§ EXERCISE BRIEF
In the records that come next, find every line with "mathbb". Return those lines.

§ RECORD EXCERPTS
(* Let $\mu\in\mathcal{RP}_p(\mathbb{C})$ and let $\{\mu^t\}_{0\le t<1}$ be the differentiation flow starting from $\mu$. Then (1) for any $t\in(0,1)$, $0$ is in the support of $\mu^t$; (2) for any $t\in(0,1)$, $\mu^t$ has a density on $\mathbb{C}$; in particular $\mu^t(\{z:|z|=r\})=0$ for every $r>0$.
   Context: $\mathcal{RP}_p(\mathbb{C})$ is the set of rotationally invariant probability measures $\mu$ on $\mathbb{C}$ with $\int_0^1\mu(\mathbb{D}_r)r^{-1}dr<\infty$, where $\mathbb{D}_r=\{|z|<r\}$. The radial CDF of a rotationally invariant probability measure $\nu$ is $\Phi(r)=\nu(\{|z|\le r\})$, and its quantile function is $\Phi^{\langle-1\rangle}(x)=\inf\{r:\Phi(r)\ge x\}$. The differentiation flow starting from $\mu$ (with radial CDF $\Phi_0$) is the family $\{\mu^t\}_{0\le t<1}$ where $\mu^t$ is the rotationally invariant probability measure whose radial CDF $\Phi_t$ has quantile function $\Phi_t^{\langle-1\rangle}(x)=\frac{x(1-t)\Phi_0^{\langle-1\rangle}((1-t)x+t)}{x(1-t)+t}$ for $x\in(0,1)$. *)

theory Defs
  imports "HOL-Probability.Probability"
begin

definition rot_inv_prob :: "complex measure \<Rightarrow> bool" where
  "rot_inv_prob \<nu> \<longleftrightarrow> prob_space \<nu> \<and> sets \<nu> = sets borel \<and>
     (\<forall>\<theta>::real. distr \<nu> borel (\<lambda>z. cis \<theta> * z) = \<nu>)"

definition RP_p :: "complex measure \<Rightarrow> bool" where
  "RP_p \<mu> \<longleftrightarrow> rot_inv_prob \<mu> \<and>
     (\<integral>\<^sup>+ r \<in> {0<..<1::real}. ennreal (measure \<mu> (ball 0 r) / r) \<partial>lborel) < \<infinity>"

definition radial_cdf :: "complex measure \<Rightarrow> real \<Rightarrow> real" where
  "radial_cdf \<nu> r = measure \<nu> {z. cmod z \<le> r}"

definition quantile :: "(real \<Rightarrow> real) \<Rightarrow> real \<Rightarrow> real" where
  "quantile F x = Inf {r. F r \<ge> x}"

definition diff_flow_at :: "complex measure \<Rightarrow> real \<Rightarrow> complex measure \<Rightarrow> bool" where
  "diff_flow_at \<mu> t \<nu> \<longleftrightarrow> rot_inv_prob \<nu> \<and>
     (\<forall>x\<in>{0<..<1::real}. quantile (radial_cdf \<nu>) x =
        x * (1 - t) * quantile (radial_cdf \<mu>) ((1 - t) * x + t) / (x * (1 - t) + t))"

definition measure_support :: "complex measure \<Rightarrow> complex set" where
  "measure_support \<nu> = {z. \<forall>e>0. emeasure \<nu> (ball z e) > 0}"

end

theory Submission
  imports Defs
begin

text \<open>
  The quantile function of the radial law of \<nu> is Q x = g x * Q0 (h x) with
  g x = x (1 - t) / (x (1 - t) + t) and h x = (1 - t) x + t \<ge> t. The integrability condition
  in RP_p excludes an atom of \<mu> at 0, so Q0 t > 0 and Q increases at least at rate
  c = t (1 - t) Q0 t; hence the radial CDF of \<nu> is (1/c)-Lipschitz. A Lipschitz CDF defines a
  measure absolutely continuous with respect to Lebesgue measure, and a rotation invariant measure
  on the plane whose radial law is absolutely continuous is itself absolutely continuous:
  averaging over rotations reduces a null set to its circular sections, which are null for almost
  every radius because polar coordinates pull null sets back to null sets. Radon-Nikodym gives the
  density, and circles, being null, get measure 0. Finally Q x \<le> x Q0 ((1 + t) / 2) / t tends
  to 0, so every disc around 0 has positive mass.
\<close>

lemma negligible_iff_null_sets_lborel:
  fixes A :: "'a::euclidean_space set"
  assumes "A \<in> sets borel"
  shows "negligible A \<longleftrightarrow> A \<in> null_sets lborel"
  using assms by (simp add: negligible_iff_null_sets null_sets_completion_iff)

lemma radial_distribution:
  assumes "prob_space \<nu>" "sets \<nu> = sets (borel :: complex measure)"
  shows "real_distribution (distr \<nu> borel cmod)"
    and "cdf (distr \<nu> borel cmod) = radial_cdf \<nu>"
proof -
  interpret prob_space \<nu> by fact
  have space: "space \<nu> = UNIV"
    using sets_eq_imp_space_eq[OF assms(2)] by simp
  have cmod_meas: "cmod \<in> borel_measurable \<nu>"
    unfolding measurable_cong_sets[OF assms(2) refl] by simp
  show "real_distribution (distr \<nu> borel cmod)"
    using cmod_meas by simp
  show "cdf (distr \<nu> borel cmod) = radial_cdf \<nu>"
    using cmod_meas by (auto simp: space fun_eq_iff radial_cdf_def cdf_def measure_distr vimage_def)
qed

context real_distribution
begin

lemma quantile_le_iff:
  assumes "0 < x" "x < 1"
  shows "quantile (cdf M) x \<le> r \<longleftrightarrow> x \<le> cdf M r"
proof -
  interpret cdf_distribution M ..
  show ?thesis
    unfolding quantile_def by (rule pseudoinverse[OF assms, symmetric])
qed

lemma quantile_mono:
  assumes "0 < x" "x \<le> y" "y < 1"
  shows "quantile (cdf M) x \<le> quantile (cdf M) y"
  using quantile_le_iff[of y "quantile (cdf M) y"] quantile_le_iff[of x "quantile (cdf M) y"] assms
  by simp

lemma quantile_pos:
  assumes "cdf M 0 = 0" "0 < x" "x < 1"
  shows "0 < quantile (cdf M) x"
  using quantile_le_iff[of x 0] assms by linarith

lemma cdf_quantile:
  assumes "isCont (cdf M) (quantile (cdf M) x)" "0 < x" "x < 1"
  shows "cdf M (quantile (cdf M) x) = x"
proof (rule antisym)
  let ?q = "quantile (cdf M) x"
  have "cdf M r \<le> x" if "r < ?q" for r
    using quantile_le_iff[OF assms(2,3), of r] that by simp
  then have "eventually (\<lambda>r. cdf M r \<le> x) (at_left ?q)"
    unfolding eventually_at_left_field by (intro exI[of _ "?q - 1"]) auto
  moreover have "(cdf M \<longlongrightarrow> cdf M ?q) (at_left ?q)"
    using assms(1) by (simp add: isCont_def filterlim_at_split)
  ultimately show "cdf M ?q \<le> x"
    by (intro tendsto_upperbound) auto
  show "x \<le> cdf M ?q"
    using quantile_le_iff[OF assms(2,3), of ?q] by simp
qed

lemma cdf_lipschitz_if_quantile_expanding:
  assumes "0 < c"
    and expanding: "\<And>x y. 0 < x \<Longrightarrow> x < y \<Longrightarrow> y < 1 \<Longrightarrow>
      c * (y - x) \<le> quantile (cdf M) y - quantile (cdf M) x"
  shows "(1 / c)-lipschitz_on UNIV (cdf M)"
proof -
  have increment: "cdf M s - cdf M r \<le> (s - r) / c" if "r \<le> s" for r s
    \<comment> \<open>otherwise two levels x < y strictly between F r and F s, with y - x > (s - r) / c,
      would have quantiles in (r, s]\<close>
  proof (rule ccontr)
    assume too_steep: "\<not> cdf M s - cdf M r \<le> (s - r) / c"
    define w where "w = (s - r) / c"
    define d where "d = cdf M s - cdf M r - w"
    define x where "x = cdf M r + d / 3"
    define y where "y = cdf M s - d / 3"
    have "0 < d" "0 \<le> w" "c * w = s - r"
      using too_steep that \<open>0 < c\<close> unfolding d_def w_def by auto
    then have xy: "0 < x" "x < y" "y < 1" "cdf M r < x" "y \<le> cdf M s"
      using d_def cdf_nonneg[of r] cdf_bounded_prob[of s] unfolding x_def y_def by linarith+
    have "y - x = w + d / 3"
      using d_def unfolding x_def y_def by linarith
    then have "s - r < c * (y - x)"
      using \<open>0 < d\<close> \<open>0 < c\<close> \<open>c * w = s - r\<close> by (simp add: distrib_left)
    also have "\<dots> \<le> quantile (cdf M) y - quantile (cdf M) x"
      using expanding xy by simp
    also have "\<dots> < s - r"
      using quantile_le_iff[of x r] quantile_le_iff[of y s] xy by linarith
    finally show False .
  qed
  show ?thesis
  proof (rule lipschitz_onI)
    fix r s :: real
    have "\<bar>cdf M r - cdf M s\<bar> \<le> \<bar>r - s\<bar> / c"
    proof (cases "r \<le> s")
      case True
      then have "\<bar>cdf M r - cdf M s\<bar> = cdf M s - cdf M r" "\<bar>r - s\<bar> = s - r"
        using cdf_nondecreasing[OF True] by auto
      then show ?thesis using increment[OF True] by simp
    next
      case False
      then have "\<bar>cdf M r - cdf M s\<bar> = cdf M r - cdf M s" "\<bar>r - s\<bar> = r - s"
        using cdf_nondecreasing[of s r] by auto
      then show ?thesis using increment[of s r] False by simp
    qed
    then show "dist (cdf M r) (cdf M s) \<le> 1 / c * dist r s"
      by (simp add: dist_real_def)
  next
    show "0 \<le> 1 / c"
      using \<open>0 < c\<close> by simp
  qed
qed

§ FINISHED EXERCISE
(* Let $\mu\in\mathcal{RP}_p(\mathbb{C})$ and let $\{\mu^t\}_{0\le t<1}$ be the differentiation flow starting from $\mu$. Then (1) for any $t\in(0,1)$, $0$ is in the support of $\mu^t$; (2) for any $t\in(0,1)$, $\mu^t$ has a density on $\mathbb{C}$; in particular $\mu^t(\{z:|z|=r\})=0$ for every $r>0$.
   Context: $\mathcal{RP}_p(\mathbb{C})$ is the set of rotationally invariant probability measures $\mu$ on $\mathbb{C}$ with $\int_0^1\mu(\mathbb{D}_r)r^{-1}dr<\infty$, where $\mathbb{D}_r=\{|z|<r\}$. The radial CDF of a rotationally invariant probability measure $\nu$ is $\Phi(r)=\nu(\{|z|\le r\})$, and its quantile function is $\Phi^{\langle-1\rangle}(x)=\inf\{r:\Phi(r)\ge x\}$. The differentiation flow starting from $\mu$ (with radial CDF $\Phi_0$) is the family $\{\mu^t\}_{0\le t<1}$ where $\mu^t$ is the rotationally invariant probability measure whose radial CDF $\Phi_t$ has quantile function $\Phi_t^{\langle-1\rangle}(x)=\frac{x(1-t)\Phi_0^{\langle-1\rangle}((1-t)x+t)}{x(1-t)+t}$ for $x\in(0,1)$. *)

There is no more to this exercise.